STIMULATION OF ANGIOGENESIS AND THE GENERATION OF NEW CARDIOMYOCYTES UNDERLIE THERAPEUTIC REGENERATION BY EXPLANT-DERIVED CARDIAC STEM CELLS FROM HYPERGLYCEMIC DONORS GENETICALLY PROGRAMMED TO OVER-EXPRESS GLYOXALASE 1

Chronic hyperglycemia promotes the generation of toxic methylglyoxal. Previously, we have shown that elevated dicarbonyl stress within ex vivo proliferated explant-derived cardiac stem cells (EDCs) reduces cell-mediated repair of injured myocardium and that over-expression of the key detoxification enzyme glyoxalase 1 (Glo1) within hyperglycemic hosts attenuated the adverse effects of hyperglycemia. Here, we explore the fundamental mechanisms underlying these benefits. A series of 16-week old wild type (WT) or Glo1 overexpressing (Glo1TG) mice were studied 2 months after treatment with streptozotocin or vehicle (2.0±0.1-fold increase in Hb1Ac, p=0.001 vs vehicle treated mice). Myocardial infarction was induced in female C57BL/6 mice by permanent left coronary ligation followed 1 week later by randomization to echocardiographic guided intra-myocardial injection of hyperglycemic male WT or Glo1TG EDCs.
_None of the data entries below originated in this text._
(* Let $b\ge 2$ and $n\ge 0$ be integers. Then $\max \mathrm{Ap}(T_b(n),s_0) = w(s_0-(b-1))$, where $w(r)$ denotes the least element of $T_b(n)$ congruent to $r$ modulo $s_0$.
   Context: For integers $b\ge 2$, $n\ge 0$, $i\ge0$ put $s_i=(b+1)b^{n+i}-1$ and $T_b(n)=\langle\{s_i:i\in\mathbb{N}\}\rangle$ (a numerical semigroup). For a numerical semigroup $S$ and $x\in S\setminus\{0\}$, $\mathrm{Ap}(S,x)=\{s\in S: s-x\notin S\}$. *)

theory Defs
  imports Main "HOL-Number_Theory.Cong"
begin

definition sgen :: "nat \<Rightarrow> nat \<Rightarrow> nat \<Rightarrow> nat" where
  "sgen b n i = (b + 1) * b ^ (n + i) - 1"

inductive_set monoid_gen :: "nat set \<Rightarrow> nat set" for A :: "nat set" where
  zero: "0 \<in> monoid_gen A"
| add: "a \<in> A \<Longrightarrow> x \<in> monoid_gen A \<Longrightarrow> a + x \<in> monoid_gen A"

definition T :: "nat \<Rightarrow> nat \<Rightarrow> nat set" where
  "T b n = monoid_gen (range (sgen b n))"

text \<open>Apery set Ap(S,x) = {s in S. s - x notin S}, with integer subtraction
  (s - x is not in S whenever s < x).\<close>
definition Apery :: "nat set \<Rightarrow> nat \<Rightarrow> nat set" where
  "Apery S x = {s \<in> S. \<not> (x \<le> s \<and> s - x \<in> S)}"

definition wmin :: "nat set \<Rightarrow> nat \<Rightarrow> nat \<Rightarrow> nat" where
  "wmin S m r = (LEAST t. t \<in> S \<and> [t = r] (mod m))"

end

theory Submission
  imports Defs
begin

text \<open>Put \<open>m = s\<^sub>0\<close>. Since \<open>s\<^sub>i = m b\<^sup>i + (b\<^sup>i - 1)\<close>, the elements of \<open>T\<^sub>b(n)\<close> are the
  numbers \<open>m N + d\<close> where \<open>N\<close> is a sum of powers of \<open>b\<close> and \<open>d\<close> is \<open>N\<close> minus the number of
  summands. Splitting a summand \<open>b\<^sup>i\<^sup>+\<^sup>1\<close> into \<open>b\<close> copies of \<open>b\<^sup>i\<close> lowers \<open>d\<close> by \<open>b - 1\<close>, so
  for fixed \<open>N\<close> the admissible \<open>d\<close> are closed downwards within the multiples of \<open>b - 1\<close>.
  Hence an Apery element \<open>m N + d\<close> has \<open>d \<le> (b - 1)(m - 1)\<close>, whereas every element of the
  class \<open>-(b - 1)\<close> has \<open>d \<ge> (b - 1)(m - 1)\<close> because \<open>m\<close> is coprime to \<open>b - 1\<close>. Comparing
  the \<open>N\<close>-parts then shows that no Apery element exceeds \<open>w(m - (b - 1))\<close>, which is itself
  in the Apery set by minimality.\<close>

lemma cong_diff_iff_dvd_add:
  fixes k m t :: nat
  assumes "k \<le> m"
  shows "[t = m - k] (mod m) \<longleftrightarrow> m dvd t + k"
proof -
  have "[t = m - k] (mod m) \<longleftrightarrow> [t + k = m - k + k] (mod m)"
    by (simp only: cong_add_rcancel_nat)
  also have "\<dots> \<longleftrightarrow> [t + k = 0] (mod m)"
    using assms by (simp add: cong_def)
  finally show ?thesis
    by (simp add: cong_0_iff)
qed

lemma pred_dvd_power_pred: "(b - 1) dvd (b ^ k - 1 :: nat)"
proof (cases "b = 0")
  case False
  then have "[b = 1] (mod b - 1)"
    by (simp add: cong_def mod_if)
  then have "[b ^ k = 1 ^ k] (mod b - 1)"
    by (rule cong_pow)
  then have "[b ^ k = 1] (mod b - 1)"
    by simp
  then show ?thesis
    by (rule cong_to_1_nat)
qed (simp add: power_0_left)

lemma dvd_add_coprime_imp_le:
  fixes a d m :: nat
  assumes "coprime m a" "a dvd d" "m dvd d + a"
  shows "a * (m - 1) \<le> d"
proof -
  obtain j where j: "d = a * j"
    using assms(2) by blast
  have "m dvd a * (j + 1)"
    using assms(3) by (simp add: j algebra_simps)
  then have "m dvd j + 1"
    using assms(1) coprime_dvd_mult_right_iff by blast
  then have "m \<le> j + 1"
    by (rule dvd_imp_le) simp
  then have "m - 1 \<le> j"
    by simp
  then show ?thesis
    by (simp add: j)
qed

inductive pow_decomp :: "nat \<Rightarrow> nat \<Rightarrow> nat \<Rightarrow> bool" for b where
  zero: "pow_decomp b 0 0"
| add_pow: "pow_decomp b N d \<Longrightarrow> pow_decomp b (N + b ^ i) (d + (b ^ i - 1))"

lemma pow_decomp_add_mult:
  "pow_decomp b N d \<Longrightarrow> pow_decomp b (N + c * b ^ j) (d + c * (b ^ j - 1))"
proof (induction c)
  case (Suc c)
  from pow_decomp.add_pow[OF Suc.IH[OF Suc.prems], of j] show ?case
    by (simp add: add_ac)
qed simp

lemma pow_decomp_add_left: "pow_decomp b N d \<Longrightarrow> pow_decomp b (N + c) d"
  using pow_decomp_add_mult[of b N d c 0] by simp

lemma pred_dvd_defect: "pow_decomp b N d \<Longrightarrow> (b - 1) dvd d"
proof (induction rule: pow_decomp.induct)
  case (add_pow N d i)
  from add_pow.IH pred_dvd_power_pred show ?case
    by (rule dvd_add)
qed simp

lemma pow_decomp_sub_pred:
  "pow_decomp b N d \<Longrightarrow> b - 1 \<le> d \<Longrightarrow> pow_decomp b N (d - (b - 1))"
proof (induction rule: pow_decomp.induct)
  case (add_pow N d i)
  show ?case
  proof (cases "b - 1 \<le> d")
    case True
    from pow_decomp.add_pow[OF add_pow.IH[OF True], of i] True show ?thesis
      by (simp add: algebra_simps)
  next
    case False
    \<comment> \<open>the new summand \<open>b\<^sup>i\<close> is split into \<open>b\<close> copies of \<open>b\<^sup>i\<^sup>-\<^sup>1\<close>\<close>
    with add_pow.prems obtain j where i: "i = Suc j" and b: "b \<ge> 2"
      by (cases i) auto
    have "b * (b ^ j - 1) = b ^ i - 1 - (b - 1)"
      using b by (simp add: i right_diff_distrib')
    moreover have "b - 1 \<le> b ^ i - 1"
    proof -
      have "1 \<le> b ^ j"
        using b by simp
      then have "b \<le> b ^ i"
        by (simp add: i)
      then show ?thesis
        by simp
    qed
    ultimately show ?thesis
      using pow_decomp_add_mult[OF add_pow.hyps, of b j] False by (simp add: i)
  qed
qed (simp add: pow_decomp.zero)

lemma pow_decomp_lower_defect:
  assumes "pow_decomp b N d" "(b - 1) dvd d'" "d' \<le> d"
  shows "pow_decomp b N d'"
proof -
  have sub: "pow_decomp b N (d - c * (b - 1))" if "c * (b - 1) \<le> d" for c
    using that
  proof (induction c)
    case (Suc c)
    then have "pow_decomp b N (d - c * (b - 1) - (b - 1))"
      using pow_decomp_sub_pred[of b N "d - c * (b - 1)"] by simp
    then show ?case
      by (simp add: diff_diff_add add.commute)
  qed (simp add: assms(1))
  obtain j j' where "d = (b - 1) * j" "d' = (b - 1) * j'"
    using assms(2) pred_dvd_defect[OF assms(1)] by blast
  with assms(3) sub[of "j - j'"] show ?thesis
    by (cases "b = 1") (auto simp: diff_mult_distrib mult.commute)
qed

definition pow_semigroup :: "nat \<Rightarrow> nat \<Rightarrow> nat set" where
  "pow_semigroup b m = monoid_gen (range (\<lambda>i. m * b ^ i + (b ^ i - 1)))"

lemma mem_pow_semigroup_iff:
  "x \<in> pow_semigroup b m \<longleftrightarrow> (\<exists>N d. pow_decomp b N d \<and> x = m * N + d)"
proof
  assume "x \<in> pow_semigroup b m"
  then show "\<exists>N d. pow_decomp b N d \<and> x = m * N + d"
    unfolding pow_semigroup_def
  proof (induction rule: monoid_gen.induct)
    case zero
    then show ?case
      using pow_decomp.zero by auto
  next
    case (add a x)
    then obtain N d i where "pow_decomp b N d" "x = m * N + d" "a = m * b ^ i + (b ^ i - 1)"
      by blast
    then have "pow_decomp b (N + b ^ i) (d + (b ^ i - 1)) \<and> a + x = m * (N + b ^ i) + (d + (b ^ i - 1))"
      using pow_decomp.add_pow by (simp add: algebra_simps)
    then show ?case
      by blast
  qed
next
  assume "\<exists>N d. pow_decomp b N d \<and> x = m * N + d"
  then obtain N d where "pow_decomp b N d" "x = m * N + d"
    by blast
  then show "x \<in> pow_semigroup b m"
  proof (induction arbitrary: x rule: pow_decomp.induct)
    case zero
    then show ?case
      by (simp add: pow_semigroup_def monoid_gen.zero)
  next
    case (add_pow N d i)
    have "(m * b ^ i + (b ^ i - 1)) + (m * N + d) \<in> pow_semigroup b m"
      using add_pow.IH unfolding pow_semigroup_def by (auto intro: monoid_gen.add)
    then show ?case
      by (simp add: add_pow.prems algebra_simps)
  qed
qed

lemma T_eq_pow_semigroup:
  assumes "b \<ge> 1"
  shows "T b n = pow_semigroup b (sgen b n 0)"
proof -
  have "sgen b n i = sgen b n 0 * b ^ i + (b ^ i - 1)" for i
  proof -
    have "1 \<le> b ^ n" "1 \<le> b ^ i"
      using assms by simp_all
    then have "1 \<le> (b + 1) * b ^ n" "1 \<le> b ^ i"
      by (simp_all add: trans_le_add1)
    then have "((b + 1) * b ^ n) * b ^ i - 1 = ((b + 1) * b ^ n - 1) * b ^ i + (b ^ i - 1)"
      by (simp add: diff_mult_distrib)
    moreover have "sgen b n i = ((b + 1) * b ^ n) * b ^ i - 1"
      unfolding sgen_def power_add by (simp only: mult.assoc)
    ultimately show ?thesis
      by (simp add: sgen_def)
  qed
  then have "sgen b n = (\<lambda>i. sgen b n 0 * b ^ i + (b ^ i - 1))"
    by (rule ext)
  then show ?thesis
    unfolding T_def pow_semigroup_def by (rule arg_cong)
qed

lemma coprime_sgen_pred:
  assumes "b \<ge> 1"
  shows "coprime (sgen b n 0) (b - 1)"
proof -
  have "[b = 1] (mod b - 1)"
    using assms by (simp add: cong_def mod_if)
  then have "[(b + 1) * b ^ n = (1 + 1) * 1 ^ n] (mod b - 1)"
    by (intro cong_mult cong_add cong_pow) auto
  moreover have "(b + 1) * b ^ n = sgen b n 0 + 1"
    using assms by (simp add: sgen_def)
  ultimately have "[sgen b n 0 + 1 = 1 + 1] (mod b - 1)"
    by simp
  then have "[sgen b n 0 = 1] (mod b - 1)"
    by (simp only: cong_add_rcancel_nat)
  then show ?thesis
    using cong_imp_coprime cong_sym coprime_1_left by blast
qed

lemma Apery_shift_not_mem: "x \<in> Apery S m \<Longrightarrow> y + m = x \<Longrightarrow> y \<notin> S"
  unfolding Apery_def by auto

lemma wmin_mem:
  assumes "t \<in> S" "[t = r] (mod m)"
  shows "wmin S m r \<in> S" "[wmin S m r = r] (mod m)"
  using LeastI[of "\<lambda>t. t \<in> S \<and> [t = r] (mod m)", OF conjI[OF assms]]
  unfolding wmin_def by auto

lemma wmin_in_Apery:
  assumes "0 < m" "t \<in> S" "[t = r] (mod m)"
  shows "wmin S m r \<in> Apery S m"
proof -
  let ?w = "wmin S m r"
  have "y \<notin> S" if "y + m = ?w" for y
  proof
    assume "y \<in> S"
    moreover have "[y = y + m] (mod m)"
      by (simp add: cong_def)
    then have "[y = r] (mod m)"
      using wmin_mem(2)[OF assms(2,3)] that by (metis cong_trans)
    ultimately have "?w \<le> y"
      unfolding wmin_def by (intro Least_le) simp
    with that assms(1) show False
      by simp
  qed
  then have "\<not> (m \<le> ?w \<and> ?w - m \<in> S)"
    by (metis le_add_diff_inverse2)
  then show ?thesis
    using wmin_mem(1)[OF assms(2,3)] unfolding Apery_def by simp
qed

lemma Apery_pow_semigroup_defect_le:
  assumes b: "b \<ge> 2" and x: "x \<in> Apery (pow_semigroup b m) m"
    and decomp: "pow_decomp b N d" "x = m * N + d"
  shows "d \<le> (b - 1) * (m - 1)"
proof (rule ccontr)
  assume "\<not> ?thesis"
  moreover obtain k where k: "d = (b - 1) * k"
    using pred_dvd_defect[OF decomp(1)] by blast
  ultimately have "m \<le> k"
    by (cases m) auto
  then have le: "m * (b - 1) \<le> d"
    by (simp add: k mult.commute)
  have "pow_decomp b (N + (b - 2)) (d - m * (b - 1))"
    using pow_decomp_lower_defect[OF pow_decomp_add_left[OF decomp(1)]] pred_dvd_defect[OF decomp(1)] le
    by (simp add: dvd_diff_nat)
  then have "m * (N + (b - 2)) + (d - m * (b - 1)) \<in> pow_semigroup b m"
    using mem_pow_semigroup_iff by blast
  moreover have "m * (N + (b - 2)) + (d - m * (b - 1)) + m = x"
  proof -
    have "b - 1 = (b - 2) + 1"
      using b by simp
    then have "m * (b - 1) = m * (b - 2) + m"
      by (metis distrib_left mult.right_neutral)
    then show ?thesis
      unfolding distrib_left using decomp(2) le by linarith
  qed
  ultimately show False
    using Apery_shift_not_mem[OF x] by blast
qed

lemma Apery_pow_semigroup_le:
  assumes b: "b \<ge> 2" and x: "x \<in> Apery (pow_semigroup b m) m"
    and y: "pow_decomp b N' d'" "(b - 1) * (m - 1) \<le> d'"
  shows "x \<le> m * N' + d'"
proof -
  have "x \<in> pow_semigroup b m"
    using x by (simp add: Apery_def)
  then obtain N d where decomp: "pow_decomp b N d" "x = m * N + d"
    using mem_pow_semigroup_iff by blast
  have d_le: "d \<le> d'"
    using Apery_pow_semigroup_defect_le[OF b x decomp] y(2) by linarith
  have "N \<le> N'"
  proof (rule ccontr)
    assume N: "\<not> N \<le> N'"
    then have "pow_decomp b (N - 1) d'"
      using pow_decomp_add_left[OF y(1), of "N - 1 - N'"] by simp
    then have "pow_decomp b (N - 1) d"
      using pow_decomp_lower_defect pred_dvd_defect[OF decomp(1)] d_le by blast
    then have "m * (N - 1) + d \<in> pow_semigroup b m"
      using mem_pow_semigroup_iff by blast
    moreover have "m * (N - 1) + d + m = x"
      using decomp(2) N by (cases N) (simp_all add: algebra_simps)
    ultimately show False
      using Apery_shift_not_mem[OF x] by blast
  qed
  then show ?thesis
    using decomp(2) d_le by (simp add: add_mono)
qed

theorem Max_Apery_pow_semigroup:
  assumes b: "b \<ge> 2" and coprime: "coprime m (b - 1)" and "b - 1 \<le> m"
  shows "Max (Apery (pow_semigroup b m) m) = wmin (pow_semigroup b m) m (m - (b - 1))"
proof -
  let ?S = "pow_semigroup b m" and ?w = "wmin (pow_semigroup b m) m (m - (b - 1))"
  have m: "0 < m"
    using b assms(3) by linarith
  have class_iff: "[t = m - (b - 1)] (mod m) \<longleftrightarrow> m dvd t + (b - 1)" for t
    using assms(3) by (rule cong_diff_iff_dvd_add)
  \<comment> \<open>\<open>m - 1\<close> copies of the generator \<open>m b + (b - 1)\<close> give an element of the class\<close>
  have "pow_decomp b ((m - 1) * b) ((m - 1) * (b - 1))"
    using pow_decomp_add_mult[OF pow_decomp.zero, where c = "m - 1" and j = 1] by simp
  then have t0: "m * ((m - 1) * b) + (m - 1) * (b - 1) \<in> ?S"
    using mem_pow_semigroup_iff by blast
  have "(m - 1) * (b - 1) + (b - 1) = m * (b - 1)"
    using m by (cases m) simp_all
  then have "m * ((m - 1) * b) + (m - 1) * (b - 1) + (b - 1) = m * ((m - 1) * b + (b - 1))"
    by (simp only: add.assoc distrib_left)
  then have t0_class: "[m * ((m - 1) * b) + (m - 1) * (b - 1) = m - (b - 1)] (mod m)"
    unfolding class_iff by simp
  have w_Apery: "?w \<in> Apery ?S m"
    using m t0 t0_class by (rule wmin_in_Apery)
  have "?w \<in> ?S" "[?w = m - (b - 1)] (mod m)"
    using t0 t0_class by (rule wmin_mem)+
  then obtain N' d' where decomp: "pow_decomp b N' d'" "?w = m * N' + d'"
    using mem_pow_semigroup_iff by blast
  have "m dvd d' + (b - 1)"
    using \<open>[?w = m - (b - 1)] (mod m)\<close> unfolding class_iff decomp(2)
    by (simp add: add.assoc dvd_add_right_iff)
  then have "(b - 1) * (m - 1) \<le> d'"
    using dvd_add_coprime_imp_le[OF coprime pred_dvd_defect[OF decomp(1)]] by blast
  then have bound: "x \<le> ?w" if "x \<in> Apery ?S m" for x
    using Apery_pow_semigroup_le[OF b that decomp(1)] decomp(2) by simp
  then have "finite (Apery ?S m)"
    by (meson atMost_iff finite_atMost finite_subset subsetI)
  then show ?thesis
    using w_Apery bound by (intro Max_eqI) auto
qed

theorem mainTheorem8:
  fixes b n :: nat
  assumes "b \<ge> 2"
  shows "Max (Apery (T b n) (sgen b n 0))
           = wmin (T b n) (sgen b n 0) (sgen b n 0 - (b - 1))"
proof -
  have b: "b \<ge> 1"
    using assms by simp
  have "1 \<le> b ^ n"
    using b by simp
  then have "(b + 1) * 1 \<le> (b + 1) * b ^ n"
    by (rule mult_le_mono2)
  then have "b - 1 \<le> sgen b n 0"
    by (simp add: sgen_def)
  then show ?thesis
    using Max_Apery_pow_semigroup[OF assms coprime_sgen_pred[OF b]] T_eq_pow_semigroup[OF b]
    by simp
qed

end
Histological analysis revealed that transplant of WT EDCs from hyperglycemic hosts reduced myocardial vessel density (52±19% fewer isolectin b4+ vessels, p=0.008) while increasing overall scar burden (53±21% greater scar burden, p=0.002). BrdU pulsing for 1 week after injection of hyperglycemic WT EDCs demonstrated that exposure to chronic hyperglycemia reduced the ability of EDCs to promote the generation of new myocytes (BrdU+/cTnT+) in the peri-infarct border zone by 54±22% (p=0.01) as compared to normoglycemic EDCs. In contrast, over-expression of Glo1 protected EDCs from the effects of hyperglycemia and restored the ability of EDCs to promote new vessel growth (90±57% more isolectin b4+ vessels, p=0.05), reduce infarct size (36±12% less scar burden, p=0.02) and generate new myocytes in the peri-infarct border zone (89±33% more myocytes; p=0.01). Over-expression of Glo1 attenuates the adverse effects of hyperglycemia to boost therapeutic regeneration through stimulation of angiogenesis and the generation of new cardiomyocytes.